In 1515 included patients, complete ENT symptomatology was recorded in which smell disorder was detected in 843 patients (55.6%), and taste disorder was detected in 746 patients (49.2%). Meanwhile, other ENT manifestations were runny nose or rhinorrhea reported in 323 patients (21.3%), nasal congestion and blockage manifested in 398 patients (26.3%), sore throat reported in 420 patients (25.7%), headache presented in 648 patients (42.8%), sneezing in 54 patients (3.6%), and URTI reported in 119 patients (7.9%) (Fig. 2), while non-ENT manifestations in those patients were fever in 869 patients (57.4%), cough in 1058 patients (69.8%), dyspnea in 336 patients (22.2%), arthralgia/myalgia in 674 patients (44.5%), asthenia/fatigue in 556 patients (36.7%), and loss of appetite in 414 (27.3%) (Fig. 3).

Fig. 2
figure 2

ENT symptomatology of COVID-19

Fig. 3
figure 3

General manifestations other than ENT symptoms in COVID-19


A novel coronavirus (CoV) epidemic, produced by the severe acute respiratory syndrome coronavirus-2 (SARS-CoV-2), began in December 2019 from China [4, 7]. On February 11, 2020, the WHO named the disease caused by this novel virus as COVID-19. The widespread transmission and infectivity of COVID-19 marks it as a significant pathogen with a considerable health threat [32].

COVID-19 manifests with a wide clinical range extending from no symptoms to multi-organ dysfunctions and septic shock.
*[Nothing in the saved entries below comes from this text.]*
(* Let $G$ be the final graph of the uncoordinated construction (described in the context) on a set $P\subset\mathbb{R}^d$ of $n$ points with parameter $s>1$, and let $\alpha$ be the aspect ratio of $P$. Then the total Euclidean length of the edges of $G$ is $O(\lg\alpha\cdot|\mathrm{MST}|\cdot s^{d+1})$, where $|\mathrm{MST}|$ is the total length of a Euclidean minimum spanning tree of $P$ and the implied constant depends only on $d$.
   Context: Fix $d\ge 1$; $|xy|$ is Euclidean distance; $\lg$ is logarithm base 2. The aspect ratio is $\alpha=\max_{u,v\in P}|uv|/\min_{u\ne v\in P}|uv|$. Uncoordinated construction: start with the graph $G$ on vertex set $P$ with no edges. Every ordered pair $(p,q)$ of distinct points of $P$ is processed exactly once, in an arbitrary order, one at a time. When $(p,q)$ is processed, the edge $pq$ is added to $G$ unless $G$ currently contains an edge whose endpoints can be labeled $p',q'$ with $|pp'|\le |p'q'|/(2s+2)$ and $|qq'|\le |p'q'|/(2s+2)$. $G$ is the graph after all pairs are processed. *)

theory Defs
  imports "HOL-Analysis.Analysis"
begin

text \<open>Edges are unordered pairs, represented as doubleton sets.\<close>

definition blocked :: "real \<Rightarrow> 'a::euclidean_space set set \<Rightarrow> 'a \<Rightarrow> 'a \<Rightarrow> bool" where
  "blocked s E p q \<longleftrightarrow> (\<exists>p' q'. {p', q'} \<in> E \<and>
      dist p p' \<le> dist p' q' / (2 * s + 2) \<and> dist q q' \<le> dist p' q' / (2 * s + 2))"

definition process_pair :: "real \<Rightarrow> 'a::euclidean_space set set \<Rightarrow> 'a \<times> 'a \<Rightarrow> 'a set set" where
  "process_pair s E pq = (if blocked s E (fst pq) (snd pq) then E else insert {fst pq, snd pq} E)"

definition uncoord_graph :: "real \<Rightarrow> ('a::euclidean_space \<times> 'a) list \<Rightarrow> 'a set set" where
  "uncoord_graph s ord = foldl (process_pair s) {} ord"

definition valid_order :: "'a set \<Rightarrow> ('a \<times> 'a) list \<Rightarrow> bool" where
  "valid_order P ord \<longleftrightarrow> distinct ord \<and> set ord = {(p, q). p \<in> P \<and> q \<in> P \<and> p \<noteq> q}"

definition total_length :: "'a::euclidean_space set set \<Rightarrow> real" where
  "total_length E = (\<Sum>e\<in>E. diameter e)"

definition spanning_tree :: "'a set \<Rightarrow> 'a set set \<Rightarrow> bool" where
  "spanning_tree P T \<longleftrightarrow>
     T \<subseteq> {{u, v} | u v. u \<in> P \<and> v \<in> P \<and> u \<noteq> v} \<and>
     card T = card P - 1 \<and>
     (\<forall>u\<in>P. \<forall>v\<in>P. (u, v) \<in> {(x, y). {x, y} \<in> T}\<^sup>*)"

definition mst_weight :: "'a::euclidean_space set \<Rightarrow> real" where
  "mst_weight P = Inf {total_length T | T. spanning_tree P T}"

definition aspect_ratio :: "'a::euclidean_space set \<Rightarrow> real" where
  "aspect_ratio P = Max {dist u v | u v. u \<in> P \<and> v \<in> P} /
                    Min {dist u v | u v. u \<in> P \<and> v \<in> P \<and> u \<noteq> v}"

end

theory Submission
  imports Defs
begin

text \<open>Fix a dyadic scale L and an L/(4s+4)-net N of P. Map each endpoint of an edge of G of length
in [L, 2L) to a net point within that distance. Two distinct edges with the same image would each satisfy the
blocking condition with respect to the other, which the construction rules out (whichever was
inserted later would have been blocked). So these edges inject into pairs of net points at distance
O(L), and a volume packing argument gives at most |N| (37s)^d of them. As every net point has another
net point at distance at least the separation r, a spanning tree must carry length at least r/2
inside the ball of radius r/2 around each net point; these balls are disjoint, so the tree has
length \<Omega>(|N| r). Hence the edges of G at scale L have total length O(s^(d+1) |MST|), and there
are O(lg \<alpha>) scales.\<close>

lemma diameter_doubleton: "diameter {x, y} = dist x (y::'a::metric_space)"
proof (rule antisym)
  show "diameter {x, y} \<le> dist x y"
    by (auto simp: diameter_def dist_commute intro!: cSup_least)
  show "dist x y \<le> diameter {x, y}"
    by (rule diameter_bounded_bound) auto
qed
lemma closed_fst_image_compact:
  fixes T :: "('a::topological_space \<times> 'b::topological_space) set"
  assumes "closed T" "compact K"
  shows "closed (fst ` (T \<inter> UNIV \<times> K))"
proof -
  have "compact_space (subtopology euclidean K)"
    using assms(2) by (simp add: compact_space_subtopology compactin_euclidean_iff)
  then have "closed_map (prod_topology euclidean (subtopology euclidean K)) euclidean fst"
    by (rule closed_map_fst)
  moreover have "prod_topology euclidean (subtopology euclidean K) = subtopology euclidean (UNIV \<times> K)"
    by (subst prod_topology_subtopology(2)) (simp only: prod_topology_euclidean topspace_euclidean)
  moreover have "closedin (subtopology euclidean (UNIV \<times> K)) (T \<inter> UNIV \<times> K)"
    using closedin_closed_Int[OF assms(1)] by (subst Int_commute)
  ultimately have "closedin euclidean (fst ` (T \<inter> UNIV \<times> K))"
    unfolding closed_map_def by metis
  then show ?thesis by (simp only: closed_closedin)
qed

lemma fst_image_Ccone_graph_unit_multipliers:
  assumes cone: "\<And>mu la r. (mu, la) \<in> Z \<Longrightarrow> 0 < r \<Longrightarrow> (\<lambda>i. r * mu i, \<lambda>j. r * la j) \<in> Z"
  shows "fst ` (Ccone_graph ml me \<inter> UNIV \<times> (unit_multipliers ml me \<inter> Z)) =
    {\<sigma> \<in> JSP ml me. \<exists>mu la. (mu, la) \<in> Ccone ml me \<sigma> \<and> (mu, la) \<in> Z \<and>
                              ((\<exists>i. mu i \<noteq> 0) \<or> (\<exists>j. la j \<noteq> 0))}"
proof (intro set_eqI iffI)
  fix \<sigma> assume "\<sigma> \<in> fst ` (Ccone_graph ml me \<inter> UNIV \<times> (unit_multipliers ml me \<inter> Z))"
  then obtain mu la where "\<sigma> \<in> JSP ml me" "(mu, la) \<in> Ccone ml me \<sigma>" "(mu, la) \<in> Z"
    "(mu, la) \<in> unit_multipliers ml me"
    by (auto simp: Ccone_graph_def)
  then show "\<sigma> \<in> {\<sigma> \<in> JSP ml me. \<exists>mu la. (mu, la) \<in> Ccone ml me \<sigma> \<and> (mu, la) \<in> Z \<and>
                              ((\<exists>i. mu i \<noteq> 0) \<or> (\<exists>j. la j \<noteq> 0))}"
    using unit_multipliers_nonzero by blast
next
  fix \<sigma> assume "\<sigma> \<in> {\<sigma> \<in> JSP ml me. \<exists>mu la. (mu, la) \<in> Ccone ml me \<sigma> \<and> (mu, la) \<in> Z \<and>
                              ((\<exists>i. mu i \<noteq> 0) \<or> (\<exists>j. la j \<noteq> 0))}"
  then obtain mu la where \<sigma>: "\<sigma> \<in> JSP ml me" and x: "(mu, la) \<in> Ccone ml me \<sigma>" "(mu, la) \<in> Z"
    "(\<exists>i. mu i \<noteq> 0) \<or> (\<exists>j. la j \<noteq> 0)"
    by blast
  obtain r where "0 < r" "(\<lambda>i. r * mu i, \<lambda>j. r * la j) \<in> Ccone ml me \<sigma>"
    "(\<lambda>i. r * mu i, \<lambda>j. r * la j) \<in> unit_multipliers ml me"
    using Ccone_normalize[OF x(1,3)] by blast
  with \<sigma> cone[OF x(2)] have "(\<sigma>, (\<lambda>i. r * mu i, \<lambda>j. r * la j))
      \<in> Ccone_graph ml me \<inter> UNIV \<times> (unit_multipliers ml me \<inter> Z)"
    by (simp add: Ccone_graph_def)
  then show "\<sigma> \<in> fst ` (Ccone_graph ml me \<inter> UNIV \<times> (unit_multipliers ml me \<inter> Z))"
    by (rule rev_image_eqI) simp
qed

lemma closed_chiSP_Un_chiMF: "closed (chiSP ml me \<union> chiMF ml me :: ('n::finite) jet set)"
proof -
  have "chiSP ml me \<union> chiMF ml me = {\<sigma> :: 'n jet \<in> JSP ml me. Iset ml me \<sigma> \<noteq> {}}"
    by (auto simp: chiSP_def chiMF_def IMF_def ISP_def)
  also have "\<dots> = fst ` (Ccone_graph ml me \<inter> UNIV \<times> (unit_multipliers ml me \<inter> UNIV))"
    by (subst fst_image_Ccone_graph_unit_multipliers) (auto simp: Iset_nonempty_iff)
  finally have eq: "chiSP ml me \<union> chiMF ml me =
      fst ` (Ccone_graph ml me \<inter> UNIV \<times> unit_multipliers ml me :: ('n jet \<times> _) set)"
    by simp
  show ?thesis
    unfolding eq by (intro closed_fst_image_compact closed_Ccone_graph compact_unit_multipliers)
qed
lemma consistent_runner_up:
  assumes "is_ranking cs" "0 \<le> \<alpha>" "\<alpha> \<le> 1"
  shows "consistent (runner_up_profile cs a) (l1_dist (runner_up_embedding cs \<alpha> a))"
  unfolding consistent_def
proof (intro allI impI)
  fix i c c' assume i: "i < length (runner_up_profile cs a)"
    and above: "ranks_above (runner_up_profile cs a ! i) c c'"
  have "distinct cs" using assms(1) by (simp add: is_ranking_def)
  moreover have "ranks_above (move_front (cs ! i) (move_front a cs)) c c'"
    using above i by simp
  ultimately have "c' \<noteq> cs ! i" "c' = a \<Longrightarrow> c = cs ! i"
    by (rule ranks_above_move_front_move_front)+
  then show "l1_dist (runner_up_embedding cs \<alpha> a) (Inl i) (Inr c)
             \<le> l1_dist (runner_up_embedding cs \<alpha> a) (Inl i) (Inr c')"
    using assms(2,3) by (simp add: l1_dist_runner_up_embedding voter_cost_mono)
qed

lemma decisive_runner_up:
  assumes "0 \<le> \<alpha>"
  shows "decisive \<alpha> (runner_up_profile cs a) (l1_dist (runner_up_embedding cs \<alpha> a))"
  using assms by (auto simp: decisive_def l1_dist_runner_up_embedding voter_cost_top_le)

lemma SC_runner_up:
  fixes cs :: "'c::finite list"
  assumes "is_ranking cs" "0 \<le> \<alpha>"
  shows "SC (runner_up_profile cs a) (l1_dist (runner_up_embedding cs \<alpha> a)) c
         = (real CARD('c) - 1) + (if c = a then 0 else real CARD('c) * (1 + \<alpha>) - 2)"
proof -
  have "SC (runner_up_profile cs a) (l1_dist (runner_up_embedding cs \<alpha> a)) c
        = (\<Sum>i<length cs. voter_cost \<alpha> a (cs ! i) c)"
    using assms(2) by (simp add: SC_def l1_dist_runner_up_embedding)
  also have "\<dots> = (\<Sum>t\<in>UNIV. voter_cost \<alpha> a t c)"
    using assms(1) sum.reindex_bij_betw[OF bij_betw_nth, of cs "{..<length cs}" UNIV]
    by (simp add: is_ranking_def lessThan_def)
  finally show ?thesis by (simp add: sum_voter_cost)
qed

lemma runner_up_gap_nonneg:
  fixes m \<alpha> :: real
  assumes "2 \<le> m" "0 \<le> \<alpha>"
  shows "0 \<le> m * (1 + \<alpha>) - 2"
proof -
  have "2 * 1 \<le> m * (1 + \<alpha>)" using assms by (intro mult_mono) auto
  then show ?thesis by simp
qed

lemma distortion_ge_runner_up:
  fixes cs :: "'c::finite list" and f :: "'c list list \<Rightarrow> 'c pmf"
  assumes "is_ranking cs" "CARD('c) \<ge> 2" "0 \<le> \<alpha>" "\<alpha> \<le> 1"
  defines "m \<equiv> real CARD('c)" and "K \<equiv> real CARD('c) * (1 + \<alpha>) - 2"
  shows "ereal (((m - 1) + K * (1 - pmf (f (runner_up_profile cs a)) a)) / (m - 1))
         \<le> distortion \<alpha> f"
proof -
  let ?P = "runner_up_profile cs a" and ?d = "l1_dist (runner_up_embedding cs \<alpha> a)"
  have "length cs = CARD('c)"
    using assms(1) distinct_card by (fastforce simp: is_ranking_def)
  then have "?P \<noteq> []"
    using assms(2) by (auto simp: runner_up_profile_def)
  then have "ereal (measure_pmf.expectation (f ?P) (SC ?P ?d)) / ereal (Min (range (SC ?P ?d)))
             \<le> distortion \<alpha> f"
    using assms(1,3,4)
    by (intro distortion_ge_ratio is_profile_runner_up_profile is_distance_l1_dist
        consistent_runner_up decisive_runner_up)
  moreover have SC: "SC ?P ?d = (\<lambda>c. (m - 1) + (if c = a then 0 else K))"
    using assms(1,3) by (simp add: SC_runner_up m_def K_def fun_eq_iff)
  moreover have "0 \<le> K"
    using assms(2,3) unfolding K_def by (intro runner_up_gap_nonneg) auto
  ultimately show ?thesis
    using assms(2) by (simp add: m_def expectation_const_off_point Min_range_const_off_point)
qed

lemma runner_up_ratio_bound:
  fixes m \<alpha> q :: real
  assumes "2 \<le> m" "0 \<le> \<alpha>" "q \<le> 1 / m"
  shows "2 + \<alpha> - 2 / m \<le> ((m - 1) + (m * (1 + \<alpha>) - 2) * (1 - q)) / (m - 1)"
proof -
  define K where "K = m * (1 + \<alpha>) - 2"
  have "K * q \<le> K / m"
    using mult_left_mono[OF assms(3) runner_up_gap_nonneg[OF assms(1,2)]] by (simp add: K_def)
  moreover have "(2 + \<alpha> - 2 / m) * (m - 1) = (m - 1) + K - K / m"
    using assms(1) unfolding K_def by (simp add: field_simps)
  ultimately have "(2 + \<alpha> - 2 / m) * (m - 1) \<le> (m - 1) + K * (1 - q)"
    by (simp add: algebra_simps)
  then show ?thesis using assms(1) unfolding K_def by (simp add: pos_le_divide_eq)
qed

theorem theorem4:
  fixes f :: "'c::finite list list \<Rightarrow> 'c pmf" and \<alpha> :: real
  assumes "CARD('c) \<ge> 2" and "0 \<le> \<alpha>" and "\<alpha> \<le> 1" and "plurality_based f"
  shows "distortion \<alpha> f \<ge> ereal (2 + \<alpha> - 2 / real CARD('c))"
proof -
  obtain cs :: "'c list" where cs: "is_ranking cs"
    using finite_distinct_list[of "UNIV :: 'c set"] by (auto simp: is_ranking_def)
  define p where "p = f (runner_up_profile cs (hd cs))"
  have f_eq: "f (runner_up_profile cs a) = p" for a
    unfolding p_def using assms(4) cs
    by (intro plurality_based_eq)
       (simp_all add: is_profile_runner_up_profile map_top_choice_runner_up_profile)
  obtain a where a: "pmf p a \<le> 1 / real CARD('c)"
    using ex_pmf_le_inverse_card by blast
  have "ereal (2 + \<alpha> - 2 / real CARD('c))
        \<le> ereal (((real CARD('c) - 1) + (real CARD('c) * (1 + \<alpha>) - 2) * (1 - pmf p a))
                  / (real CARD('c) - 1))"
    using assms(1,2) a by (simp add: runner_up_ratio_bound)
  also have "\<dots> \<le> distortion \<alpha> f"
    using distortion_ge_runner_up[OF cs assms(1-3), of f a] by (simp add: f_eq)
  finally show ?thesis .
qed

end
(* Every rank-one transformation given by a cutting and stacking construction with a bounded number of cuts ($\sup_n r_n<\infty$) is boundedly rationally ergodic (with $F=I$, the level of $C_0$).
   Context: Rank-one transformation by cutting and stacking: $C_0$ is a single level $I$ of positive finite measure; column $C_n$ is cut into $r_n\ge2$ equal-width subcolumns, spacers are placed above subcolumns, and subcolumns are stacked left to right to form $C_{n+1}$; $T$ maps each level to the one above. For $F$ of positive finite measure, $u_k(F)=\mu(F\cap T^kF)/\mu(F)^2$, $a_n(F)=\sum_{k=0}^{n-1}u_k(F)$, $S_n(f)=\sum_{k=0}^{n-1}f\circ T^k$. $T$ is boundedly rationally ergodic if there is $F$ of positive finite measure with $\mu(X\setminus\bigcup_{i\ge0}T^iF)=0$ and $\sup_{n\ge1}\bigl\|\frac{1}{a_n(F)}S_n(1_F)\bigr\|_\infty<\infty$. *)

theory Defs
  imports "HOL-Analysis.Analysis"
begin

definition ret_u :: "'a measure \<Rightarrow> ('a \<Rightarrow> 'a) \<Rightarrow> 'a set \<Rightarrow> nat \<Rightarrow> real" where
  "ret_u M T F k = measure M (F \<inter> (T ^^ k) ` F) / (measure M F)\<^sup>2"

definition ret_a :: "'a measure \<Rightarrow> ('a \<Rightarrow> 'a) \<Rightarrow> 'a set \<Rightarrow> nat \<Rightarrow> real" where
  "ret_a M T F n = (\<Sum>k<n. ret_u M T F k)"
lemma phi_image_or_gap:
  assumes "a \<le> b" and "\<phi> a \<le> y" "y \<le> \<phi> b"
  shows "(\<exists>x\<in>{a..b}. y = \<phi> x) \<or> (\<exists>r\<ge>1. \<phi> (xi r) < y \<and> y \<le> \<phi> (xi r) + lam ^ r)"
proof -
  obtain x where x: "x \<in> {a..b}" "\<phi> x \<le> y" "y \<le> phi_right x"
    using phi_intermediate assms by blast
  show ?thesis
  proof (cases "y = \<phi> x")
    case False
    then have "phi_right x \<noteq> \<phi> x" using x by auto
    then obtain r where "r \<ge> 1" "xi r = x"
      using phi_right_eq_phi by blast
    then show ?thesis using phi_right_eq_gap x False by auto
  qed (use x in blast)
qed

end

section \<open>Piecewise affine contractions\<close>

lemma mem_piece_iff:
  assumes "2 \<le> M" "i \<in> {1..M}"
  shows "x \<in> piece d M i \<longleftrightarrow>
    d (i-1) \<le> x \<and> x \<le> d i \<and> (i \<noteq> 1 \<longrightarrow> d (i-1) < x) \<and> (i \<noteq> M \<longrightarrow> x < d i)"
  using assms by (auto simp: piece_def)

locale piecewise_contraction =
  fixes N :: nat and c :: "nat \<Rightarrow> real" and f :: "real \<Rightarrow> real" and lam :: real
  assumes two_le_N: "2 \<le> N" and c_strict_mono: "strict_mono_on {0..N} c"
    and f_into: "f ` {c 0..c N} \<subseteq> {c 0..c N}"
    and affine: "P1 N c f lam" and separated: "P2 N c f"
begin

abbreviation Z where "Z \<equiv> {c 0..c N}"
abbreviation X where "X \<equiv> piece c N"
abbreviation \<Delta> where "\<Delta> \<equiv> Delta N c"

lemma lam_pos: "0 < lam" and lam_less_1: "lam < 1"
  using affine by (auto simp: P1_def)

lemma c_less: "i < j \<Longrightarrow> j \<le> N \<Longrightarrow> c i < c j"
  using c_strict_mono by (auto simp: strict_mono_on_def)

lemma c_le: "i \<le> j \<Longrightarrow> j \<le> N \<Longrightarrow> c i \<le> c j"
  using c_less by (cases "i = j") (auto simp: order_le_less)

lemma c_inj: "i \<le> N \<Longrightarrow> j \<le> N \<Longrightarrow> c i = c j \<Longrightarrow> i = j"
  by (metis c_less less_irrefl nat_neq_iff)

lemma mem_X_iff:
  "i \<in> {1..N} \<Longrightarrow> x \<in> X i \<longleftrightarrow>
    c (i-1) \<le> x \<and> x \<le> c i \<and> (i \<noteq> 1 \<longrightarrow> c (i-1) < x) \<and> (i \<noteq> N \<longrightarrow> x < c i)"
  using mem_piece_iff[OF two_le_N] by blast

lemma X_subset_Z: "i \<in> {1..N} \<Longrightarrow> X i \<subseteq> Z"
  using mem_X_iff c_le[of 0 "i-1"] c_le[of i N] by fastforce

lemma Delta_bounds: "p \<in> \<Delta> \<Longrightarrow> c 0 < p \<and> p < c N"
  unfolding Delta_def using c_less by auto

lemma finite_Delta: "finite \<Delta>"
  unfolding Delta_def by simp

lemma piece_containing:
  assumes "x \<in> Z" "x \<notin> \<Delta>"
  obtains i where "i \<in> {1..N}" "x \<in> X i"
proof (cases "x = c N")
  case True
  have "c (N-1) < c N" using two_le_N by (intro c_less) auto
  then show ?thesis using that[of N] True two_le_N mem_X_iff[of N x] by auto
next
  case False
  then have "x < c N" using assms by auto
  define i where "i = (LEAST i. x < c i)"
  have ci: "x < c i" unfolding i_def by (rule LeastI[of _ N]) (rule \<open>x < c N\<close>)
  have "i \<le> N" unfolding i_def by (rule Least_le) (rule \<open>x < c N\<close>)
  have "i \<noteq> 0" using ci assms by (cases i) auto
  have lo: "c (i-1) \<le> x"
    using Least_le[of "\<lambda>i. x < c i" "i-1"] \<open>i \<noteq> 0\<close> unfolding i_def[symmetric] by force
  have "c (i-1) \<noteq> x" if "i \<noteq> 1"
    using that assms \<open>i \<noteq> 0\<close> \<open>i \<le> N\<close> unfolding Delta_def by force
  then have "x \<in> X i" using mem_X_iff[of i x] \<open>i \<noteq> 0\<close> \<open>i \<le> N\<close> lo ci by auto
  then show ?thesis using that[of i] \<open>i \<noteq> 0\<close> \<open>i \<le> N\<close> by simp
qed

lemma piece_order:
  assumes i: "i \<in> {1..N}" "i' \<in> {1..N}" "i < i'" and x: "x \<in> X i" "x' \<in> X i'"
  shows "x < c i" "c i < x'" "c i \<in> \<Delta>"
proof -
  show "x < c i" using mem_X_iff[OF i(1)] x i by auto
  have "c i \<le> c (i'-1)" using i by (intro c_le) auto
  then show "c i < x'" using mem_X_iff[OF i(2)] x i by auto
  show "c i \<in> \<Delta>" unfolding Delta_def using i by auto
qed

definition offset :: "nat \<Rightarrow> real" where
  "offset i = (SOME b. \<forall>x\<in>X i. f x = lam * x + b)"

lemma f_on_piece: "i \<in> {1..N} \<Longrightarrow> x \<in> X i \<Longrightarrow> f x = lam * x + offset i"
proof -
  assume i: "i \<in> {1..N}" and x: "x \<in> X i"
  have "\<exists>b. \<forall>x\<in>X i. f x = lam * x + b" using affine i unfolding P1_def by blast
  then have "\<forall>x\<in>X i. f x = lam * x + offset i" unfolding offset_def by (rule someI_ex)
  then show ?thesis using x by blast
qed

definition atom1 :: "nat \<Rightarrow> real set" where "atom1 i = closure (f ` X i)"
definition atom_lo :: "nat \<Rightarrow> real" where "atom_lo i = lam * c (i-1) + offset i"
definition atom_hi :: "nat \<Rightarrow> real" where "atom_hi i = lam * c i + offset i"

lemma atom_lo_less_hi: "i \<in> {1..N} \<Longrightarrow> atom_lo i < atom_hi i"
  unfolding atom_lo_def atom_hi_def using c_less[of "i-1" i] lam_pos by simp

lemma divide_lam_iff:
  "a \<le> y / lam \<longleftrightarrow> lam * a \<le> y" "y / lam \<le> a \<longleftrightarrow> y \<le> lam * a"
  "a < y / lam \<longleftrightarrow> lam * a < y" "y / lam < a \<longleftrightarrow> y < lam * a"
  using lam_pos by (simp_all add: pos_le_divide_eq pos_divide_le_eq pos_less_divide_eq
      pos_divide_less_eq mult.commute)

lemma closure_X: "i \<in> {1..N} \<Longrightarrow> closure (X i) = {c (i-1)..c i}"
proof -
  assume i: "i \<in> {1..N}"
  have inner: "{c (i-1)<..<c i} \<subseteq> X i"
  proof
    fix x assume "x \<in> {c (i-1)<..<c i}" then show "x \<in> X i" using mem_X_iff[OF i] by simp
  qed
  have outer: "X i \<subseteq> {c (i-1)..c i}"
  proof
    fix x assume "x \<in> X i" then show "x \<in> {c (i-1)..c i}" using mem_X_iff[OF i] by simp
  qed
  have "closure {c (i-1)<..<c i} = {c (i-1)..c i}"
    using i c_less[of "i-1" i] by (intro closure_greaterThanLessThan) auto
  then have "{c (i-1)..c i} \<subseteq> closure (X i)" using closure_mono[OF inner] by simp
  moreover have "closure (X i) \<subseteq> {c (i-1)..c i}" using closure_mono[OF outer] by simp
  ultimately show ?thesis by (rule subset_antisym[rotated])
qed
Despite its rapid distribution worldwide, the clinical features of COVID-19 remain to a variable extent non-specific [6,7,8, 32].

The nasal, nasopharyngeal, and/or the orpharyngeal tissues are part of the main harbor locations of the infection, main site of sample taking for testing, and a main source of infection transmission. However, most COVID-19 published studies are focused on the lower respiratory tract manifestation and sequels because of their life-threatening potentiality [7, 32].

Meanwhile, the literature on ENT manifestation during COVID-19 infection remains growing. Thus, there is value in studying smell dysfunction and other ENT manifestations of such novel virus and there is a need to recognize the defining smell dysfunction epidemiological and clinical characteristics in COVID-19 with more precision.

In the current review of literature, we tried to collect the data concerning the smell disorders associated with laboratory-confirmed COVID-19 cases in only the peer-reviewed and published papers to provide an up-to-date delineation of the olfactory clinical characteristics and incidence in COVID-19 patients to help ENT and other physicians dealing with COVID-19 to understand and approach such cases and assist in data building up for this novel disease.

The results of the current study agree with previous reports [6,7,8] that fever (recounted in 57.4% of the included patients) and cough (reported in 69.8%) are the principal symptoms of COVID-19 whereas gastrointestinal and ENT symptoms were less common, suggesting the difference in viral tropism as compared with influenza, SARS-CoV, and MERS-CoV [4, 21] .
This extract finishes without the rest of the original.